SUPPLIED INFORMATION.
::::

lemma sums_integral_mult_series:
  fixes c :: "nat \<Rightarrow> complex" and b :: "nat \<Rightarrow> 'a \<Rightarrow> complex"
  assumes c: "summable (\<lambda>n. norm (c n))"
    and b: "\<And>n. b n \<in> borel_measurable M" "\<And>n x. norm (b n x) \<le> 1"
    and \<phi>: "integrable M \<phi>"
  shows "(\<lambda>n. c n * (\<integral>x. b n x * \<phi> x \<partial>M)) sums (\<integral>x. (\<Sum>n. c n * b n x) * \<phi> x \<partial>M)"
proof -
  define f where "f n x = c n * b n x * \<phi> x" for n x
  have norm_f: "norm (f n x) \<le> norm (c n) * norm (\<phi> x)" for n x
    unfolding f_def norm_mult
    using mult_right_mono[OF b(2)[of n x], of "norm (c n) * norm (\<phi> x)"]
    by (simp add: algebra_simps)
  have [measurable]: "\<phi> \<in> borel_measurable M"
    using \<phi> by auto
  have f: "integrable M (f n)" for n
  proof (rule Bochner_Integration.integrable_bound)
    show "integrable M (\<lambda>x. norm (c n) * norm (\<phi> x))"
      using \<phi> by auto
    show "f n \<in> borel_measurable M"
      unfolding f_def using b(1)[of n] by measurable
    show "AE x in M. norm (f n x) \<le> norm (norm (c n) * norm (\<phi> x))"
      using norm_f by (simp add: abs_mult)
  qed
  have "AE x in M. summable (\<lambda>n. norm (f n x))"
    by (intro AE_I2 summable_comparison_test[OF _ summable_mult2[OF c]]) (use norm_f in auto)
  moreover have "summable (\<lambda>n. \<integral>x. norm (f n x) \<partial>M)"
  proof (rule summable_comparison_test[OF _ summable_mult2[OF c, of "\<integral>x. norm (\<phi> x) \<partial>M"]])
    have "(\<integral>x. norm (f n x) \<partial>M) \<le> (\<integral>x. norm (c n) * norm (\<phi> x) \<partial>M)" for n
      using f \<phi> norm_f by (intro integral_mono) auto
    then show "\<exists>N. \<forall>n\<ge>N. norm (\<integral>x. norm (f n x) \<partial>M) \<le> norm (c n) * (\<integral>x. norm (\<phi> x) \<partial>M)"
      by simp
  qed
  ultimately have "(\<lambda>n. integral\<^sup>L M (f n)) sums (\<integral>x. (\<Sum>n. f n x) \<partial>M)"
    by (rule sums_integral[OF f])
  moreover have "(\<Sum>n. f n x) = (\<Sum>n. c n * b n x) * \<phi> x" for x
  proof -
    have "summable (\<lambda>n. c n * b n x)"
      by (rule summable_norm_cancel, rule summable_comparison_test[OF _ c])
         (use b(2) in \<open>auto simp: norm_mult intro!: mult_right_le_one_le\<close>)
    then show ?thesis
      unfolding f_def by (simp add: suminf_mult2)
  qed
  moreover have "integral\<^sup>L M (f n) = c n * (\<integral>x. b n x * \<phi> x \<partial>M)" for n
    unfolding f_def by (simp add: mult.assoc)
  ultimately show ?thesis
    by simp
qed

::::

EXERCISE DETAILS. Word for word, retype the lines from the one containing "x) = (\<Sum>n." through the final line of the data, including both ends and nothing more.

THE ANSWER.
  moreover have "(\<Sum>n. f n x) = (\<Sum>n. c n * b n x) * \<phi> x" for x
  proof -
    have "summable (\<lambda>n. c n * b n x)"
      by (rule summable_norm_cancel, rule summable_comparison_test[OF _ c])
         (use b(2) in \<open>auto simp: norm_mult intro!: mult_right_le_one_le\<close>)
    then show ?thesis
      unfolding f_def by (simp add: suminf_mult2)
  qed
  moreover have "integral\<^sup>L M (f n) = c n * (\<integral>x. b n x * \<phi> x \<partial>M)" for n
    unfolding f_def by (simp add: mult.assoc)
  ultimately show ?thesis
    by simp
qed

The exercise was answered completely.